SOCRATES: And is not Apollo the purifier, and the washer,
and the absolver from all impurities?
HERMOGENES: Very true.
SOCRATES: Then in reference to his ablutions and absolutions,
as being the physician who orders them,
he may be rightly called Aπολούωμ (purifier);
or in respect of his powers of divination, and his truth and sincerity,
which is the same as truth, he may be most fitly called Απλώς,
from απλός (sincere), as in the Thessalian dialect,
for all the Thessalians call him Aπλός;
also he is άεί Βαλλων (always shooting),
because he is a master archer who never misses;
or again, the name may refer to his musical attributes,
and then, as in άχόλουθος, and άχοιτις,
and in many other words
the alpha is supposed to mean “together,”
so the meaning of the name Apollo will be “moving together,”
whether in the poles of heaven as they are called,
or in the harmony of song,
which is termed concord,
because he moves all together by an harmonious power,
as astronomers and musicians ingeniously declare.

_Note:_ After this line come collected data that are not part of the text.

lemma vanishes_to_order_imp_has_ray_leading_term_0:
  assumes "vanishes_to_order D (k+1)" "norm x0 \<le> 1"
  shows "has_ray_leading_term x0 k D 0"
proof -
  obtain C r where C: "C \<ge> 0" "r > 0" "\<And>x. norm x < r \<Longrightarrow> norm (D x) \<le> C * norm x ^ (k+1)"
    using vanishes_to_orderE[OF assms(1)] by blast
  have "norm (D (t *s x0)) \<le> C * norm t ^ (k+1)" if "norm t < r" for t :: complex
  proof -
    have short: "norm (t *s x0) \<le> norm t"
      using assms(2) mult_left_le[of "norm x0" "cmod t"] by (simp add: norm_vector_smult)
    then have "norm (D (t *s x0)) \<le> C * norm (t *s x0) ^ (k+1)" using that by (intro C(3)) simp
    also have "\<dots> \<le> C * norm t ^ (k+1)" using short C(1) by (intro mult_left_mono power_mono) auto
    finally show ?thesis .
  qed
  with C(2) show ?thesis
    unfolding has_ray_leading_term_def by (intro exI[of _ C] exI[of _ r]) auto
qed

lemma ray_flat_imp_has_ray_leading_term:
  fixes F :: "complex^'n \<Rightarrow> complex^'n"
  assumes "holo_near0 F" "ray_flat F k" "norm x0 \<le> 1"
  shows "has_ray_leading_term x0 k F (ray_leading_term F k x0)"
proof -
  obtain R M :: real where RM: "R > 0" "M \<ge> 0"
    "\<And>x0 j t k. norm x0 \<le> 1 \<Longrightarrow> norm t \<le> R/2 \<Longrightarrow>
       norm (F (t *s x0) $ j - (\<Sum>i<k. ray_coeff F x0 j i / fact i * t^i)) \<le> 2*M*(norm t/R)^k"
    using ray_taylor_remainder[OF assms(1)] by blast
  define C where "C = CARD('n) * (2*M) / R^(k+1)"
  have "norm (F (t *s x0) - t^k *s ray_leading_term F k x0) \<le> C * norm t ^ (k+1)"
    if t: "norm t < R/2" for t
  proof -
    have "(\<Sum>i<Suc k. ray_coeff F x0 j i / fact i * t^i) = ray_coeff F x0 j k / fact k * t^k" for j
      using assms(2,3) by (simp add: ray_flat_def)
    then have "norm ((F (t *s x0) - t^k *s ray_leading_term F k x0) $ j) \<le> 2*M*(norm t/R)^(k+1)" for j
      using RM(3)[OF assms(3), of t j "Suc k"] t by (simp add: ray_leading_term_def mult.commute)
    then have "norm (F (t *s x0) - t^k *s ray_leading_term F k x0) \<le> CARD('n) * (2*M*(norm t/R)^(k+1))"
      by (rule norm_le_card_mult_component_bound)
    also have "\<dots> = C * norm t ^ (k+1)" by (simp add: C_def power_divide)
    finally show ?thesis .
  qed
  with RM(1) show ?thesis
    unfolding has_ray_leading_term_def by (intro exI[of _ C] exI[of _ "R/2"]) auto
qed

lemma ray_flat_deviation_estimates:
  fixes f :: "complex^'n \<Rightarrow> complex^'n"
  assumes "holo_near0 f" "ray_flat (deviation f) k" "k \<ge> 1"
  shows "vanishes_to_order (deviation f) k" "lipschitz_order (deviation f) k"
proof -
  have hol: "holo_near0 (deviation f)" by (rule holo_near0_deviation[OF assms(1)])
  show ord: "vanishes_to_order (deviation f) k"
    by (rule ray_flat_imp_vanishes_to_order[OF hol assms(2)])
  show "lipschitz_order (deviation f) k"
    by (rule vanishes_to_order_imp_lipschitz_order[OF hol ord assms(3)])
qed

lemma conjugate_same_ray_leading_term:
  fixes f f0 h :: "complex^'n \<Rightarrow> complex^'n"
  assumes f: "holo_near0 f" "ray_flat (deviation f) k"
    and f0: "holo_near0 f0" "ray_flat (deviation f0) k"
    and h: "holo_near0 h" "h 0 = 0" "(h has_derivative id) (at 0)"
    and k: "k \<ge> 2" and conj: "germ_eq0 (f \<circ> h) (h \<circ> f0)" and x0: "norm x0 \<le> 1"
  shows "ray_leading_term (deviation f) k x0 = ray_leading_term (deviation f0) k x0"
proof -
  have h_flat: "ray_flat (deviation h) 2" by (rule tangent_to_id_imp_ray_flat_deviation_2[OF h(2,3)])
  have "lipschitz_order (deviation f) k" "vanishes_to_order (deviation f0) k"
      "lipschitz_order (deviation h) 2" "vanishes_to_order (deviation h) 2"
    using ray_flat_deviation_estimates[OF f] ray_flat_deviation_estimates[OF f0]
      ray_flat_deviation_estimates[OF h(1) h_flat] k by simp_all
  then have "vanishes_to_order (\<lambda>x. deviation f0 x - deviation f x) (k+1)"
    using conj unfolding germ_eq_def by (intro deviation_conjugate_vanishes_to_order k) simp_all
  then have "has_ray_leading_term x0 k (\<lambda>x. deviation f0 x - deviation f x) 0"
    by (rule vanishes_to_order_imp_has_ray_leading_term_0[OF _ x0])
  moreover have "has_ray_leading_term x0 k (\<lambda>x. deviation f0 x - deviation f x)
      (ray_leading_term (deviation f0) k x0 - ray_leading_term (deviation f) k x0)"
    using f f0 x0
    by (intro has_ray_leading_term_diff ray_flat_imp_has_ray_leading_term holo_near0_deviation)
  ultimately have "0 = ray_leading_term (deviation f0) k x0 - ray_leading_term (deviation f) k x0"
    by (rule has_ray_leading_term_unique)
  then show ?thesis by simp
qed
(* Let $T$ be a tree on $n\ge3$ vertices and $k\ge2$ even. Then the order-$k$ Steiner distance hypermatrix $M$ of $T$ is conditionally strictly negative definite, i.e., $M(\mathbf{c},\ldots,\mathbf{c})<0$ for every nonzero $\mathbf{c}\in\mathbb{R}^n$ with $\sum_{i=1}^n c_i=0$.
   Context: $T$ is a tree with vertex set $\{1,\dots,n\}$. For $U\subseteq V(T)$, the Steiner distance $S(U)$ is the minimum number of edges of a connected subgraph of $T$ whose vertex set contains $U$. The order-$k$ Steiner distance hypermatrix $M$ has entries $M_{(i_1,\dots,i_k)}=S(\{i_1,\dots,i_k\})$, and $M(\mathbf{x}_1,\dots,\mathbf{x}_k)=\sum_{\mathbf{i}\in V(T)^k}M_{\mathbf{i}}\prod_{j=1}^k x_{j i_j}$. *)

theory Defs
  imports Complex_Main "HOL-Library.FuncSet"
begin

definition adj_rel :: "nat set set \<Rightarrow> (nat \<times> nat) set" where
  "adj_rel E = {(x, y). {x, y} \<in> E}"

definition graph_connected :: "nat set \<Rightarrow> nat set set \<Rightarrow> bool" where
  "graph_connected V E \<longleftrightarrow> (\<forall>x\<in>V. \<forall>y\<in>V. (x, y) \<in> (adj_rel E)\<^sup>*)"

definition simple_graph_on :: "nat set \<Rightarrow> nat set set \<Rightarrow> bool" where
  "simple_graph_on V E \<longleftrightarrow> (\<forall>e\<in>E. \<exists>a b. a \<noteq> b \<and> a \<in> V \<and> b \<in> V \<and> e = {a, b})"

definition acyclic_graph :: "nat set set \<Rightarrow> bool" where
  "acyclic_graph E \<longleftrightarrow> (\<forall>a b. {a, b} \<in> E \<longrightarrow> (a, b) \<notin> (adj_rel (E - {{a, b}}))\<^sup>*)"
(* Let $p\ge1$ and $s>0$ be integers and let $S=\{a_1,\dots,a_{3p}\}$ be a multiset of positive integers with $s/4<a_i<s/2$ for all $i$ and $\sum_{i=1}^{3p}a_i=sp$. Let $\mathbb T=(\mathbb V,\mathbb E)$ be the spider with a center vertex $r$ and, for each $i$, a leg (a path starting at $r$) with exactly $a_i$ edges, the legs being internally disjoint. Then the following are equivalent: (i) $S$ can be partitioned into $p$ sub-multisets of size exactly three, each summing to $s$; (ii) $\mathbb T$ has an $(s+1)$-completion set of size $\frac{ps(s-1)}{2}$; (iii) $\mathbb E$ can be partitioned into $p$ edge-disjoint subtrees of $\mathbb T$, each having exactly $s$ edges.
   Context: A connected graph $H$ has a $(k,1)$-cover if every edge of $H$ lies in at least one clique of order $k$. For a connected graph $G=(V,E)$, a set $E'\subseteq(V\times V)\setminus E$ of non-edges is a $k$-completion set of $G$ if $G\cup E'$ has a $(k,1)$-cover. *)

theory Defs
  imports Main "HOL-Library.Multiset"
begin

definition is_edge_set :: "'v set \<Rightarrow> 'v set set \<Rightarrow> bool" where
  "is_edge_set V E \<longleftrightarrow> (\<forall>e\<in>E. e \<subseteq> V \<and> card e = 2)"

definition adj_rel :: "'v set set \<Rightarrow> ('v \<times> 'v) set" where
  "adj_rel E = {(x, y). {x, y} \<in> E \<and> x \<noteq> y}"

definition connected_graph :: "'v set \<Rightarrow> 'v set set \<Rightarrow> bool" where
  "connected_graph V E \<longleftrightarrow> is_edge_set V E \<and>
     (\<forall>u\<in>V. \<forall>v\<in>V. (u, v) \<in> (adj_rel E)\<^sup>*)"

definition is_clique :: "'v set set \<Rightarrow> 'v set \<Rightarrow> bool" where
  "is_clique E C \<longleftrightarrow> (\<forall>x\<in>C. \<forall>y\<in>C. x \<noteq> y \<longrightarrow> {x, y} \<in> E)"

definition has_k1_cover :: "nat \<Rightarrow> 'v set \<Rightarrow> 'v set set \<Rightarrow> bool" where
  "has_k1_cover k V E \<longleftrightarrow> connected_graph V E \<and>
     (\<forall>e\<in>E. \<exists>C. C \<subseteq> V \<and> finite C \<and> card C = k \<and> e \<subseteq> C \<and> is_clique E C)"

definition non_edges :: "'v set \<Rightarrow> 'v set set \<Rightarrow> 'v set set" where
  "non_edges V E = {{x, y} | x y. x \<in> V \<and> y \<in> V \<and> x \<noteq> y} - E"

definition is_completion_set :: "nat \<Rightarrow> 'v set \<Rightarrow> 'v set set \<Rightarrow> 'v set set \<Rightarrow> bool" where
  "is_completion_set k V E E' \<longleftrightarrow> E' \<subseteq> non_edges V E \<and> has_k1_cover k V (E \<union> E')"

text \<open>A tree given by its edge set F (vertex set = vertices covered by F):
  nonempty, connected and acyclic, where acyclic is expressed as: no edge lies on a cycle,
  i.e. removing any edge disconnects its two endpoints.\<close>
definition is_tree_edges :: "'v set set \<Rightarrow> bool" where
  "is_tree_edges F \<longleftrightarrow> F \<noteq> {} \<and> finite F \<and> connected_graph (\<Union>F) F \<and>
     (\<forall>x y. {x, y} \<in> F \<longrightarrow> x \<noteq> y \<longrightarrow> (x, y) \<notin> (adj_rel (F - {{x, y}}))\<^sup>*)"

text \<open>The spider with legs of lengths as!0, ..., as!(n-1): center None,
  the vertices of leg i are Some (i,1), ..., Some (i, as!i), with Some (i,1) adjacent to the center.\<close>
definition spider_V :: "nat list \<Rightarrow> (nat \<times> nat) option set" where
  "spider_V as = insert None {Some (i, j) | i j. i < length as \<and> 1 \<le> j \<and> j \<le> as ! i}"

definition spider_E :: "nat list \<Rightarrow> (nat \<times> nat) option set set" where
  "spider_E as =
     {{None, Some (i, 1)} | i. i < length as \<and> 1 \<le> as ! i} \<union>
     {{Some (i, j), Some (i, Suc j)} | i j. i < length as \<and> 1 \<le> j \<and> Suc j \<le> as ! i}"

end

theory Submission
  imports Defs
begin

(*
  Grouping the legs into classes of total length s (which are triples, since s/4 < a_i < s/2)
  gives (ii) and (iii) at once: the legs of a class form a subtree with s edges, and completing
  its s + 1 vertices (the centre and the vertices of its legs) to a clique adds
  C(s+1, 2) - s = s(s-1)/2 non-edges.

  Conversely, a subtree with s edges contains the centre, because every leg is shorter than s;
  so with any edge of leg i it also contains the first edge of leg i, and by disjointness every
  leg lies in a single subtree. The subtrees therefore group the legs into classes of length s.

  For an (s+1)-completion G with exactly ps(s-1)/2 new edges we discharge: every edge of G
  carries two units, both going to its endpoint farther from the centre in BFS distance, one to
  each endpoint if both are equally far. With k = s + 1, every non-central vertex v receives at
  least k, since the edge to a parent lies in a k-clique all of whose vertices are at most as far
  as v; but G has ps(s+1)/2 = k(|V| - 1)/2 edges. Hence every v receives exactly k, and its
  backward neighbourhood (v and its neighbours no farther than v) is a k-clique with a unique
  vertex closer to the centre. Removing that vertex leaves blocks of s equidistant vertices
  which partition the ps non-central vertices, so there are p such cliques, and together they
  contain all ps spider edges. As the spider is a forest, a clique spans at most s spider edges,
  and fewer if it avoids the centre (it then meets two legs). So every clique contains the
  centre, all vertices are at distance 1, consecutive vertices of a leg share their clique, and
  the cliques group the legs into classes of length s.
*)

section \<open>Graphs given by edge sets\<close>

lemma rtrancl_adj_rel_mono:
  "E1 \<subseteq> E2 \<Longrightarrow> (x, y) \<in> (adj_rel E1)\<^sup>* \<Longrightarrow> (x, y) \<in> (adj_rel E2)\<^sup>*"
  by (rule rtrancl_mono[THEN subsetD]) (auto simp: adj_rel_def)

lemma rtrancl_adj_rel_sym: "(x, y) \<in> (adj_rel E)\<^sup>* \<Longrightarrow> (y, x) \<in> (adj_rel E)\<^sup>*"
proof -
  have "sym ((adj_rel E)\<^sup>*)"
    by (rule sym_rtrancl) (auto simp: sym_def adj_rel_def insert_commute)
  then show "(x, y) \<in> (adj_rel E)\<^sup>* \<Longrightarrow> (y, x) \<in> (adj_rel E)\<^sup>*"
    by (auto dest: symD)
qed

lemma adj_rel_path_crosses:
  assumes "(x, y) \<in> (adj_rel E)\<^sup>*" "(x \<in> S) \<noteq> (y \<in> S)"
  shows "\<exists>a b. {a, b} \<in> E \<and> a \<in> S \<and> b \<notin> S"
  using assms
proof (induction rule: rtrancl_induct)
  case (step y z)
  then have "{y, z} \<in> E" by (simp add: adj_rel_def)
  then show ?case
    using step by (cases "(x \<in> S) = (y \<in> S)") (auto simp: insert_commute)
qed simp

definition complete_edges :: "'a set \<Rightarrow> 'a set set" where
  "complete_edges K = {e. e \<subseteq> K \<and> card e = 2}"

lemma finite_complete_edges: "finite K \<Longrightarrow> finite (complete_edges K)"
  unfolding complete_edges_def by (rule finite_subset[of _ "Pow K"]) auto

lemma card_complete_edges: "finite K \<Longrightarrow> card (complete_edges K) = card K choose 2"
  unfolding complete_edges_def by (rule n_subsets)

lemma complete_edges_disjoint:
  assumes "K \<inter> K' \<subseteq> {x}"
  shows "complete_edges K \<inter> complete_edges K' = {}"
proof (rule equals0I)
  fix e assume "e \<in> complete_edges K \<inter> complete_edges K'"
  then have "e \<subseteq> {x}" "card e = 2" using assms by (auto simp: complete_edges_def)
  then show False using card_mono[of "{x}" e] by simp
qed

lemma has_k1_cover_UN_complete_edges:
  assumes "V = (\<Union>j\<in>J. K j)" "\<forall>j\<in>J. r \<in> K j \<and> finite (K j) \<and> card (K j) = k"
  shows "has_k1_cover k V (\<Union>j\<in>J. complete_edges (K j))"
proof -
  let ?E = "\<Union>j\<in>J. complete_edges (K j)"
  have clique: "is_clique ?E (K j)" if "j \<in> J" for j
    using that by (auto simp: is_clique_def complete_edges_def)
  have root: "(r, v) \<in> (adj_rel ?E)\<^sup>* \<and> (v, r) \<in> (adj_rel ?E)\<^sup>*" if "v \<in> V" for v
  proof (cases "v = r")
    case False
    from that assms obtain j where "j \<in> J" "v \<in> K j" "r \<in> K j" by blast
    with False have "{r, v} \<in> complete_edges (K j)" by (simp add: complete_edges_def)
    with \<open>j \<in> J\<close> have "{r, v} \<in> ?E" "{v, r} \<in> ?E" by (auto simp: insert_commute)
    with False have "(r, v) \<in> adj_rel ?E" "(v, r) \<in> adj_rel ?E" by (auto simp: adj_rel_def)
    then show ?thesis by blast
  qed simp
  have "(u, v) \<in> (adj_rel ?E)\<^sup>*" if "u \<in> V" "v \<in> V" for u v
    using root[OF that(1)] root[OF that(2)] by (meson rtrancl_trans)
  moreover have "is_edge_set V ?E"
    using assms(1) by (auto simp: is_edge_set_def complete_edges_def)
  moreover have "\<exists>C. C \<subseteq> V \<and> finite C \<and> card C = k \<and> e \<subseteq> C \<and> is_clique ?E C"
    if "e \<in> ?E" for e
  proof -
    from that obtain j where "j \<in> J" "e \<subseteq> K j" by (auto simp: complete_edges_def)
    with assms clique show ?thesis by (intro exI[of _ "K j"]) auto
  qed
  ultimately show ?thesis
    unfolding has_k1_cover_def connected_graph_def by blast
qed

section \<open>Legs of the spider\<close>

definition leg_vertex :: "nat \<Rightarrow> nat \<Rightarrow> (nat \<times> nat) option" where
  "leg_vertex i k = (if k = 0 then None else Some (i, k))"

definition leg_edges :: "nat list \<Rightarrow> nat \<Rightarrow> (nat \<times> nat) option set set" where
  "leg_edges as i = (\<lambda>k. {leg_vertex i k, leg_vertex i (Suc k)}) ` {..<as ! i}"

definition leg_vertices :: "nat list \<Rightarrow> nat \<Rightarrow> (nat \<times> nat) option set" where
  "leg_vertices as i = Some ` ({i} \<times> {1..as ! i})"

lemma leg_vertex_0 [simp]: "leg_vertex i 0 = None"
  and leg_vertex_Suc [simp]: "leg_vertex i (Suc k) = Some (i, Suc k)"
  by (simp_all add: leg_vertex_def)

lemma spider_E_eq_UN_leg_edges: "spider_E as = (\<Union>i<length as. leg_edges as i)"
proof (rule set_eqI)
  fix e
  show "e \<in> spider_E as \<longleftrightarrow> e \<in> (\<Union>i<length as. leg_edges as i)"
  proof
    assume "e \<in> spider_E as"
    then consider (center) i where "e = {None, Some (i, 1)}" "i < length as" "1 \<le> as ! i"
      | (outer) i j where "e = {Some (i, j), Some (i, Suc j)}" "i < length as" "1 \<le> j"
          "Suc j \<le> as ! i"
      unfolding spider_E_def by (elim UnE CollectE exE conjE) metis+
    then show "e \<in> (\<Union>i<length as. leg_edges as i)"
    proof cases
      case (center i)
      then show ?thesis by (auto simp: leg_edges_def intro!: UN_I[of i] image_eqI[of _ _ 0])
    next
      case (outer i j)
      then show ?thesis
        by (auto simp: leg_edges_def leg_vertex_def intro!: UN_I[of i] image_eqI[of _ _ j])
    qed
  next
    assume "e \<in> (\<Union>i<length as. leg_edges as i)"
    then obtain i k where ik: "i < length as" "k < as ! i"
      "e = {leg_vertex i k, leg_vertex i (Suc k)}"
      unfolding leg_edges_def by auto
    show "e \<in> spider_E as"
    proof (cases k)
      case 0
      then show ?thesis using ik unfolding spider_E_def by auto
    next
      case (Suc j)
      then show ?thesis using ik unfolding spider_E_def
        by (intro UnI2 CollectI exI[of _ i] exI[of _ "Suc j"]) simp
    qed
  qed
qed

And he is the God who presides over
harmony, and makes all things move together,
both among Gods and among men.
And as in the words άολουθος and άχοιτις
the α alpha is substituted for an ο omicron,
so the name Apollon is equivalent to Ομοπολων;
only the second λ lambda is added
in order to avoid the ill- omened sound of destruction (άπολων).
Now the suspicion of this destructive power
still haunts the minds of some who do not consider the true value of the name,
which, as I was saying just now,
has reference to all the powers of the God,
who is the single one, the everdarting,
the purifier, the mover together (άπλοΰς, άεί, Βάλλων, άπολουω, όμοτολών).
The name of the Muses and of music would seem to be
derived from their making philosophical enquiries (μώσθαι);
and Leto is called by this name,
because she is such a gentle Goddess,
and so willing (έθελήμων) to grant our requests;
or her name may be Letho,
as she is often called by strangers
—they seem to imply by it her amiability,
and her smooth and easy-going way of behaving.
Artemis is named from her healthy (άρτεμης),
well- ordered nature, and because of her love of virginity,
perhaps because she is a proficient in virtue (άρετή),
and perhaps also as hating intercourse of the sexes (τόν άροτον μισήσασα).
He who gave the Goddess her name may have had any or all of these reasons.